Treinta años antes, él y Paris jugaban videojuegos, futbol y a besar a las mismas niñas. Veinte años antes, entrenaban juntos kick boxing, se colaban a los bares bien vestidos aunque sin dinero y tenían planes de viajar. Diez años antes, se fueron juntos a Rusia, regresaron golpeados, felices, endeudados y con Helena.
También había un rayo de luz tocando los dedos finos de Helena cuando Héctor la vio por primera vez y su hermano le dijo “me la voy a llevar a México”.
Ya vinieron a buscarme, dijo Helena, en lugar de saludar a su cuñado. Nunca pensé que pudieran dar conmigo; dejarme llevar por el amor cuando conocí a tu hermano no es lo más estúpido que he hecho, antes cometí una tontería peor: me metí con mafias. Pensé que yo no era importante, que me olvidarían, que me darían por perdida y que jamás vendrían hasta acá a buscarme. Tal vez no soy importante, pero las obsesiones son locas, las necedades son inexplicables y somos sus esclavos. Tu hermano es incapaz de defenderme, ni siquiera podrá defenderse él mismo. Creo que voy a irme.
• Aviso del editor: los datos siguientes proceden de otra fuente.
(* Let $m\ge 2$, $n\ge 3$, let $\mathcal{C}^3_{m,n}=(V_1,V_2,E)$, and let $e\in E$ be a hyperedge containing exactly one vertex of $V_1$ and two vertices of $V_2$. Then the Seidel spectrum of $\mathcal{C}^3_{m,n}-e$ consists of the eigenvalue $2n-1$ with multiplicity $m-2$, the eigenvalue $2m-1$ with multiplicity $n-3$, and the five roots $\rho_1,\dots,\rho_5$ of $\xi_1(\rho)=0$, where \begin{align*} \xi_1(\rho)={}&-\rho^5+(-5+7m+5n-4mn)\rho^4\\ &+(46+4m-18m^2+4n-22mn+2m^2n+4m^3n-8n^2-6mn^2+4m^2n^2+4mn^3)\rho^3\\ &+(286-234m-46m^2+36m^3-206n+62mn-10m^2n+52m^3n-16m^4n+8n^2-10mn^2\\ &\quad+64m^2n^2-24m^3n^2+4n^3+40mn^3-24m^2n^3-8mn^4)\rho^2\\ &+(83+76m-366m^2+248m^3-40m^4-228n-90mn+238m^2n+20m^3n-88m^4n+16m^5n\\ &\quad-40n^2+246mn^2+132m^2n^2-184m^3n^2+48m^4n^2+40n^3-28mn^3-160m^2n^3\\ &\quad+48m^3n^3-16mn^4+32m^2n^4)\rho\\ &+(-921+2387m-2322m^2+1012m^3-168m^4+873n-2250mn+1994m^2n-732m^3n\\ &\quad+72m^4n+16m^5n-408n^2+1274mn^2-680m^2n^2-160m^3n^2+160m^4n^2-32m^5n^2\\ &\quad+84n^3-368mn^3+40m^2n^3+160m^3n^3-32m^4n^3+24mn^4+32m^2n^4-32m^3n^4). \end{align*}
   Context: For a hypergraph $\mathcal{H}$ and distinct vertices $i,j$, the co-degree $c_{ij}$ is the number of hyperedges containing both $i$ and $j$. The Seidel matrix $\mathcal{S}(\mathcal{H})$ has zero diagonal and $(i,j)$-entry $1-2c_{ij}$ for $i\neq j$; its eigenvalues (with multiplicity) form the Seidel spectrum of $\mathcal{H}$. The complete $3$-uniform bipartite hypergraph $\mathcal{C}^3_{m,n}=(V_1,V_2,E)$ has vertex set $V_1\sqcup V_2$, $|V_1|=m$, $|V_2|=n$, and $E$ = all $3$-subsets meeting both $V_1$ and $V_2$. For a hyperedge $e$, $\mathcal{H}-e$ denotes the hypergraph with the same vertex set and hyperedge set $E\setminus\{e\}$. *)

theory Defs
  imports "Jordan_Normal_Form.Char_Poly"
begin

text \<open>A hypergraph on the vertex set {0..<N} is given by its set of hyperedges
  (each hyperedge a set of vertices).\<close>

definition codegree :: "nat set set \<Rightarrow> nat \<Rightarrow> nat \<Rightarrow> nat" where
  "codegree E i j = card {e \<in> E. i \<in> e \<and> j \<in> e}"

definition seidel_matrix :: "nat \<Rightarrow> nat set set \<Rightarrow> real mat" where
  "seidel_matrix N E = mat N N (\<lambda>(i, j). if i = j then 0 else 1 - 2 * real (codegree E i j))"

definition complete_bip3_edges :: "nat set \<Rightarrow> nat set \<Rightarrow> nat set set" where
  "complete_bip3_edges V1 V2 =
     {e. e \<subseteq> V1 \<union> V2 \<and> card e = 3 \<and> e \<inter> V1 \<noteq> {} \<and> e \<inter> V2 \<noteq> {}}"

definition xi1 :: "real \<Rightarrow> real \<Rightarrow> real poly" where
  "xi1 m n = [:
     -921+2387*m-2322*m^2+1012*m^3-168*m^4+873*n-2250*m*n+1994*m^2*n-732*m^3*n
      +72*m^4*n+16*m^5*n-408*n^2+1274*m*n^2-680*m^2*n^2-160*m^3*n^2+160*m^4*n^2-32*m^5*n^2
      +84*n^3-368*m*n^3+40*m^2*n^3+160*m^3*n^3-32*m^4*n^3+24*m*n^4+32*m^2*n^4-32*m^3*n^4,
     83+76*m-366*m^2+248*m^3-40*m^4-228*n-90*m*n+238*m^2*n+20*m^3*n-88*m^4*n+16*m^5*n
      -40*n^2+246*m*n^2+132*m^2*n^2-184*m^3*n^2+48*m^4*n^2+40*n^3-28*m*n^3-160*m^2*n^3
      +48*m^3*n^3-16*m*n^4+32*m^2*n^4,
     286-234*m-46*m^2+36*m^3-206*n+62*m*n-10*m^2*n+52*m^3*n-16*m^4*n+8*n^2-10*m*n^2
      +64*m^2*n^2-24*m^3*n^2+4*n^3+40*m*n^3-24*m^2*n^3-8*m*n^4,
     46+4*m-18*m^2+4*n-22*m*n+2*m^2*n+4*m^3*n-8*n^2-6*m*n^2+4*m^2*n^2+4*m*n^3,
     -5+7*m+5*n-4*m*n,
     -1 :]"

end

theory Submission
  imports Defs
begin

(*
  Let e = {a, b1, b2} with a in V1. The classes e \<inter> V2, e \<inter> V1, V1 - e, V2 - e partition
  the vertices so that the Seidel entry of two distinct vertices depends only on their classes.
  For a matrix S with zero diagonal and class-constant off-diagonal entries s, the matrix
  x I - S is a diagonal matrix plus a matrix of rank at most the number of classes, and
  Sylvester's identity det (I + X Y) = det (I + Y X) shows that every class C contributes the
  eigenvalue -s(C, C) with multiplicity |C| - 1, the remaining eigenvalues being those of the
  quotient matrix of the partition. This yields 2n - 1 with multiplicity m - 2 and 2m - 1 with
  multiplicity n - 3; the characteristic polynomial of the 4 x 4 quotient matrix, multiplied by
  the factor x - (2m - 3) contributed by the class {b1, b2}, is - xi1.
*)

lemma mat_mult_mat:
  "mat nr n f * mat n nc g = mat nr nc (\<lambda>(i, j). \<Sum>l<n. f (i, l) * g (l, j))"
  by (rule eq_matI) (auto simp: scalar_prod_def atLeast0LessThan intro!: sum.cong)

definition diag_of_fun :: "nat \<Rightarrow> (nat \<Rightarrow> 'a::zero) \<Rightarrow> 'a mat" where
  "diag_of_fun n d = mat n n (\<lambda>(i, j). if i = j then d i else 0)"

lemma diag_of_fun_carrier [simp]: "diag_of_fun n d \<in> carrier_mat n n"
  by (simp add: diag_of_fun_def)

lemma diag_of_fun_mult_mat:
  "diag_of_fun n d * mat n nc f = mat n nc (\<lambda>(i, j). d i * f (i, j))"
  unfolding diag_of_fun_def mat_mult_mat by (rule eq_matI) (auto simp: if_distrib if_distribR cong: if_cong)

lemma mat_mult_diag_of_fun:
  "mat nr n f * diag_of_fun n d = mat nr n (\<lambda>(i, j). f (i, j) * d j)"
  unfolding diag_of_fun_def mat_mult_mat by (rule eq_matI) (auto simp: if_distrib if_distribR cong: if_cong)

lemma det_diag_of_fun: "det (diag_of_fun n d) = (\<Prod>i<n. d i)"
proof -
  have "det (diag_of_fun n d) = prod_list (diag_mat (diag_of_fun n d))"
    by (rule det_upper_triangular) (auto simp: upper_triangular_def diag_of_fun_def)
  also have "\<dots> = prod_list (map d [0..<n])"
    by (auto simp: diag_mat_def diag_of_fun_def intro!: arg_cong[where f = prod_list])
  finally show ?thesis
    by (simp add: prod.list_conv_set_nth atLeast0LessThan)
qed

lemma det_one_plus_mult_commute:
  fixes X :: "'a::idom mat"
  assumes X: "X \<in> carrier_mat n k" and Y: "Y \<in> carrier_mat k n"
  shows "det (1\<^sub>m n + X * Y) = det (1\<^sub>m k + Y * X)"
proof -
  define Z where "Z = four_block_mat (1\<^sub>m n) (-X) Y (1\<^sub>m k)"
  define L where "L = four_block_mat (1\<^sub>m n) X (0\<^sub>m k n) (1\<^sub>m k)"
  have Z: "Z \<in> carrier_mat (n + k) (n + k)" and L: "L \<in> carrier_mat (n + k) (n + k)"
    unfolding Z_def L_def using X Y by auto
  have det_L: "det L = 1"
    unfolding L_def by (subst det_four_block_mat_lower_left_zero[of _ n _ k]) (use X in auto)
  have "L * Z = four_block_mat (1\<^sub>m n * 1\<^sub>m n + X * Y) (1\<^sub>m n * (-X) + X * 1\<^sub>m k)
      (0\<^sub>m k n * 1\<^sub>m n + 1\<^sub>m k * Y) (0\<^sub>m k n * (-X) + 1\<^sub>m k * 1\<^sub>m k)"
    unfolding L_def Z_def by (rule mult_four_block_mat) (use X Y in auto)
  also have "\<dots> = four_block_mat (1\<^sub>m n + X * Y) (0\<^sub>m n k) Y (1\<^sub>m k)"
    using X Y by (auto simp: uminus_l_inv_mat)
  finally have LZ: "L * Z = four_block_mat (1\<^sub>m n + X * Y) (0\<^sub>m n k) Y (1\<^sub>m k)" .
  have "Z * L = four_block_mat (1\<^sub>m n * 1\<^sub>m n + (-X) * 0\<^sub>m k n) (1\<^sub>m n * X + (-X) * 1\<^sub>m k)
      (Y * 1\<^sub>m n + 1\<^sub>m k * 0\<^sub>m k n) (Y * X + 1\<^sub>m k * 1\<^sub>m k)"
    unfolding L_def Z_def by (rule mult_four_block_mat) (use X Y in auto)
  also have "\<dots> = four_block_mat (1\<^sub>m n) (0\<^sub>m n k) Y (1\<^sub>m k + Y * X)"
  proof -
    have "X + (-X) = 0\<^sub>m n k" using X by (intro eq_matI) auto
    then show ?thesis using X Y by (auto simp: comm_add_mat[of "Y * X" k k])
  qed
  finally have ZL: "Z * L = four_block_mat (1\<^sub>m n) (0\<^sub>m n k) Y (1\<^sub>m k + Y * X)" .
  have "det (1\<^sub>m n + X * Y) = det (L * Z)"
    unfolding LZ by (subst det_four_block_mat_upper_right_zero[of _ n]) (use X Y in auto)
  also have "\<dots> = det (Z * L)"
    using det_mult[OF L Z] det_mult[OF Z L] det_L by simp
  also have "\<dots> = det (1\<^sub>m k + Y * X)"
    unfolding ZL by (subst det_four_block_mat_upper_right_zero[of _ n]) (use X Y in auto)
  finally show ?thesis .
qed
¿Quién te busca? Preguntó Héctor, no obtuvo respuesta y le replicó al silencio: si te han llamado, si han estado cerca de tu casa, si conocen por dónde anda Paris, quieren algo más que llevarte. Tú sabes que también se trata de venganza. Quizá nadie puede defenderse a sí mismo, todos debemos defendernos entre todos. Nadie ganaría si tú regresas o si huyes a otro lugar, igual buscarían matar a mi hermano o él mismo los buscaría para morir. Creo que no sabes que a su modo él te quiere y te necesita como no había necesitado ni querido en su vida.
Helena tenía su vista clavada en el cierre de un velís y Héctor la suya en el gas de su encendedor. Helena habló sin mudar la mirada.
Creo que ahora él te necesita más a ti. Aunque también yo te necesito ahora más a ti que a mi esposo. No para que me defiendas o defiendas a tu hermano, sino para que me ayudes a decidir. Eres mi único amigo.
Y Héctor, guardando su encendedor, caminando, dijo:
Nuestra vida no ha sido mala. Hemos conocido muchas cosas. ¿Te llegan los mismos recuerdos que a mí? Platicando, tomando, jugando. Me duele imaginar que no reímos lo suficiente juntos, pero es mentira, reímos demasiado. Estarás bien. Pase lo que pase.
Estaba bien con mi vida antes de enamorarme de Paris… aunque me sentía sin sentido. Luego el amor también pasa y vuelve el sinsentido. Perdóname por hacerte venir. Regresa a tu casa con tu esposa, tu hijo y las cosas cotidianas. Si me voy, los convenceré de que no le hagan daño a tu hermano.
Intentaron darse un beso de despedida y un abrazo último. Pero es difícil para los mortales resistir la conciencia de la verdadera despedida, para colmo el teléfono los interrumpió. En ruso le dijeron que tenía diez minutos para salir, que ya estaban afuera esperándola, que actuara sensatamente para que no brincara el olor de la sangre.
Salieron juntos. Había tres hombres en una camioneta, los tres descendieron y gritaron en ruso. También en ruso respondió Helena. Uno de ellos se acercó y la tomó del brazo para acompañarla a subir. Otro subió para tomar el volante. Sólo uno se quedó mirando a Héctor de frente y le hizo una seña tal vez para alejarlo o para retarlo.
Se imaginó asesinándolos rápidamente, también se imaginó que volvía a cambiarle los pañales a su hijo, incluso imaginó un pasado distinto en el que le decía a su hermano que de ningún modo permitiría que se casara con una rusa. Al final no hizo nada de lo que imaginó. Aunque sacó una pistola y gritó que ella debía decidir y hasta ahí llegó su vida, pues los tres hombres estaban armados y los tres le dispararon y le dieron.